Hi, I'm new to this forum and am planning a section of the Southern Upland Way and looking for tips for the most comfy, lightweight, durable and budget sleeping mat. A lot to ask I know! There are so many options out there! Any tips? Thanks  :)



I guess if you ask 100 people you will get 150 different answers - your criteria are , in reality, not achieveable as it is extremely rare to be able to combine "budget", "Lightweight", "Comfy" and "Durable" into a single product.


Are you a 'back-sleeper' or a 'side-sleeper' ?

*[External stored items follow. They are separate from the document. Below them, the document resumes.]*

(* Let $n\ge2$ and let $r_1,\dots,r_N$, $N=3\cdot4^{n-1}$, be the vertices of the Koch snowflake $S_n$ (indices modulo $N$). Then: (i) the sharp points of $S_n$ are exactly the vertices $r_m$ with $m=4^{l}(4k-2)+1$ for $l\in\{0,1,\dots,n-2\}$, $k\in\{1,2,\dots,3\cdot4^{\,n-2-l}\}$, or $m=4^{n-1}(k-1)+1$ for $k\in\{1,2,3\}$; (ii) for the snowflake code $u_n=c_1\cdots c_{6\cdot4^{n-2}}$ and for $S_n$ or any image of $S_n$ under an invertible affine map: if $c_j=1$ then $\kappa_{2j-2}=\kappa_{2j-1}=-1$, $\bar\kappa_{2j-2}=-1$, $\bar\kappa_{2j-1}=1$; if $c_j=0$ then $\kappa_{2j-2}=\kappa_{2j-1}=\bar\kappa_{2j-2}=\bar\kappa_{2j-1}=1$; (iii) $u_2=111111$, and if $u_n=c_1c_2\cdots c_m$ then $u_{n+1}=c_1\,101\,c_2\,101\cdots c_m\,101$ (each letter of $u_n$ followed by the word $101$); in particular $u_3=(1101)^6$ and $u_n$ has $6\cdot4^{n-2}$ letters.
   Context: Let $R_\theta$ denote counterclockwise rotation of $\mathbb R^2$ by the angle $\theta$. Let $v_1,v_2,v_3$ be the vertices of an equilateral triangle in counterclockwise order. The Koch snowflake at step $n$ is the closed polygon $S_n$ with vertices $r_1,\dots,r_{3\cdot4^{n-1}}$ (indices taken modulo $3\cdot4^{n-1}$, so $r_0$ is the last vertex), defined recursively: $S_1$ has vertices $v_1,v_2,v_3$; $S_{n+1}$ is obtained from $S_n$ by replacing each edge from $p$ to $q$ (including the closing edge from the last vertex to $r_1$), in cyclic order, by the four edges through $p,\ p+\tfrac13(q-p),\ p+\tfrac13(q-p)+\tfrac13R_{-\pi/3}(q-p),\ p+\tfrac23(q-p),\ q$ (the new tip points outward), and numbering vertices consecutively with $r_1=v_1$. A vertex $r_i$ is a sharp point if the angle $\angle r_{i-1}r_ir_{i+1}$ equals $\pi/3$. For $n\ge2$ the snowflake code is the word $u_n=c_1\cdots c_{6\cdot4^{n-2}}$ over $\{0,1\}$ with $c_j=1$ iff $r_{2j-1}$ is a sharp point (the letter $c_j$ refers to the pair $\{r_{2j-2},r_{2j-1}\}$). Affine curvatures of a closed polygon with vertices $r_1,\dots,r_N$ (indices mod $N$): $t_k=r_{k+1}-r_k$, $[a,b]=a_1b_2-a_2b_1$, and whenever $[t_{k-1},t_k]\ne0$, $\kappa_k=\dfrac{[t_k,t_{k+1}]}{[t_{k-1},t_k]}$, $\bar\kappa_k=\dfrac{[t_{k-1},t_{k+1}]}{[t_{k-1},t_k]}$. *)

theory Defs
  imports "HOL-Analysis.Analysis"
begin

text \<open>The plane R^2 is identified with the complex numbers (x,y) <-> x + i y.
  Counterclockwise rotation R_theta is multiplication by cis theta.\<close>

definition rot :: "real \<Rightarrow> complex \<Rightarrow> complex" where
  "rot \<theta> z = cis \<theta> * z"

definition det2 :: "complex \<Rightarrow> complex \<Rightarrow> real" where
  "det2 a b = Re a * Im b - Im a * Re b"

definition angle3 :: "complex \<Rightarrow> complex \<Rightarrow> complex \<Rightarrow> real" where
  "angle3 a b c = arccos (((a - b) \<bullet> (c - b)) / (norm (a - b) * norm (c - b)))"

definition equilateral_ccw :: "complex \<Rightarrow> complex \<Rightarrow> complex \<Rightarrow> bool" where
  "equilateral_ccw v1 v2 v3 \<longleftrightarrow> v1 \<noteq> v2 \<and> dist v1 v2 = dist v2 v3 \<and> dist v2 v3 = dist v3 v1
     \<and> det2 (v2 - v1) (v3 - v1) > 0"

text \<open>Replace the edge p -> q by p, p+(q-p)/3, p+(q-p)/3+R_{-pi/3}((q-p)/3), p+2(q-p)/3
  (q is the first vertex of the next edge).\<close>
definition koch_edge :: "complex \<Rightarrow> complex \<Rightarrow> complex list" where
  "koch_edge p q = [p, p + (q - p) / 3, p + (q - p) / 3 + rot (- pi / 3) ((q - p) / 3),
                    p + 2 * (q - p) / 3]"

definition koch_step :: "complex list \<Rightarrow> complex list" where
  "koch_step vs = concat (map (\<lambda>i. koch_edge (vs ! i) (vs ! ((i + 1) mod length vs)))
                                [0..<length vs])"

text \<open>Vertex list r_1, ..., r_N of S_n (the list position i holds r_(i+1)); S_0 := S_1.\<close>
fun koch_list :: "complex \<Rightarrow> complex \<Rightarrow> complex \<Rightarrow> nat \<Rightarrow> complex list" where
  "koch_list v1 v2 v3 0 = [v1, v2, v3]"
| "koch_list v1 v2 v3 (Suc 0) = [v1, v2, v3]"
| "koch_list v1 v2 v3 (Suc (Suc n)) = koch_step (koch_list v1 v2 v3 (Suc n))"

text \<open>Vertices of a closed polygon given by a list, indexed cyclically by integers, 1-based.\<close>
definition cyc :: "complex list \<Rightarrow> int \<Rightarrow> complex" where
  "cyc vs i = vs ! nat ((i - 1) mod int (length vs))"

definition koch_vertex :: "complex \<Rightarrow> complex \<Rightarrow> complex \<Rightarrow> nat \<Rightarrow> int \<Rightarrow> complex" where
  "koch_vertex v1 v2 v3 n i = cyc (koch_list v1 v2 v3 n) i"

definition sharp :: "complex \<Rightarrow> complex \<Rightarrow> complex \<Rightarrow> nat \<Rightarrow> int \<Rightarrow> bool" where
  "sharp v1 v2 v3 n i \<longleftrightarrow>
     angle3 (koch_vertex v1 v2 v3 n (i - 1)) (koch_vertex v1 v2 v3 n i)
            (koch_vertex v1 v2 v3 n (i + 1)) = pi / 3"

definition snowflake_code :: "complex \<Rightarrow> complex \<Rightarrow> complex \<Rightarrow> nat \<Rightarrow> nat list" where
  "snowflake_code v1 v2 v3 n =
     map (\<lambda>j. if sharp v1 v2 v3 n (2 * int j - 1) then 1 else 0) [1..<6 * 4 ^ (n - 2) + 1]"

definition tvec :: "(int \<Rightarrow> complex) \<Rightarrow> int \<Rightarrow> complex" where
  "tvec P k = P (k + 1) - P k"

definition kappa :: "(int \<Rightarrow> complex) \<Rightarrow> int \<Rightarrow> real" where
  "kappa P k = det2 (tvec P k) (tvec P (k + 1)) / det2 (tvec P (k - 1)) (tvec P k)"

definition kappa_bar :: "(int \<Rightarrow> complex) \<Rightarrow> int \<Rightarrow> real" where
  "kappa_bar P k = det2 (tvec P (k - 1)) (tvec P (k + 1)) / det2 (tvec P (k - 1)) (tvec P k)"

definition curv_defined :: "(int \<Rightarrow> complex) \<Rightarrow> int \<Rightarrow> bool" where
  "curv_defined P k \<longleftrightarrow> det2 (tvec P (k - 1)) (tvec P k) \<noteq> 0"

definition inv_affine :: "(complex \<Rightarrow> complex) \<Rightarrow> bool" where
  "inv_affine f \<longleftrightarrow> (\<exists>L c. linear L \<and> bij L \<and> f = (\<lambda>x. L x + c))"

end

theory Submission
  imports Defs
begin

text \<open>Every edge of a snowflake polygon arises from the preceding one by a rotation through
  -\<pi>/3 or through 2\<pi>/3, the latter exactly at the sharp points. Replacing an edge e by four
  edges gives e/3, \<omega>e/3, (1 - \<omega>)e/3, e/3 with \<omega> = cis (-\<pi>/3): the turn at an old vertex
  survives and the three new vertices turn by -\<pi>/3, 2\<pi>/3, -\<pi>/3. Starting from the three
  2\<pi>/3 turns of the triangle, the turn pattern of S_(d+1) is therefore the d-fold substitution
  b \<mapsto> b F T F, from which the positions of the sharp points and the recursion of the code are
  read off. The affine curvatures are ratios of determinants of consecutive edges: an invertible
  affine map multiplies all of them by the same nonzero determinant, and for consecutive edges
  e, t_a e, t_b t_a e (t_a the rotation of the turn a) they depend only on a and b.\<close>

lemma nth_concat_map_uniform:
  assumes "\<And>x. x \<in> set xs \<Longrightarrow> length (f x) = k" "i < length xs" "r < k"
  shows "concat (map f xs) ! (k * i + r) = f (xs ! i) ! r"
  using assms
proof (induction xs arbitrary: i)
  case Nil
  then show ?case by simp
next
  case (Cons x xs)
  then show ?case
    by (cases i) (simp_all add: nth_append add.assoc)
qed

Ignoring your 'list' it pretty much comes down to budget;


For under 10 you can get a foam pad (of varying thicknesses) - relatively heavy but durable.
For a little more you can get a self inflating foam pad,
Then you can move onto a 'lightweight' air-bed type pad - you can pay a few pennies for a product from China, or 50 for a European quality product.
If you want to pay 100+ you can get something like a Down-Air mattress, but the weight is heavier than just an air-pad.


Bulk also comes into the equation - do you have a big space in your bag (foam pad) or a small space (air-bed)


Are you looking for the pad to keep you off the rocky/lumpy ground and/or to help keep you warm (insulation from the cold ground) ?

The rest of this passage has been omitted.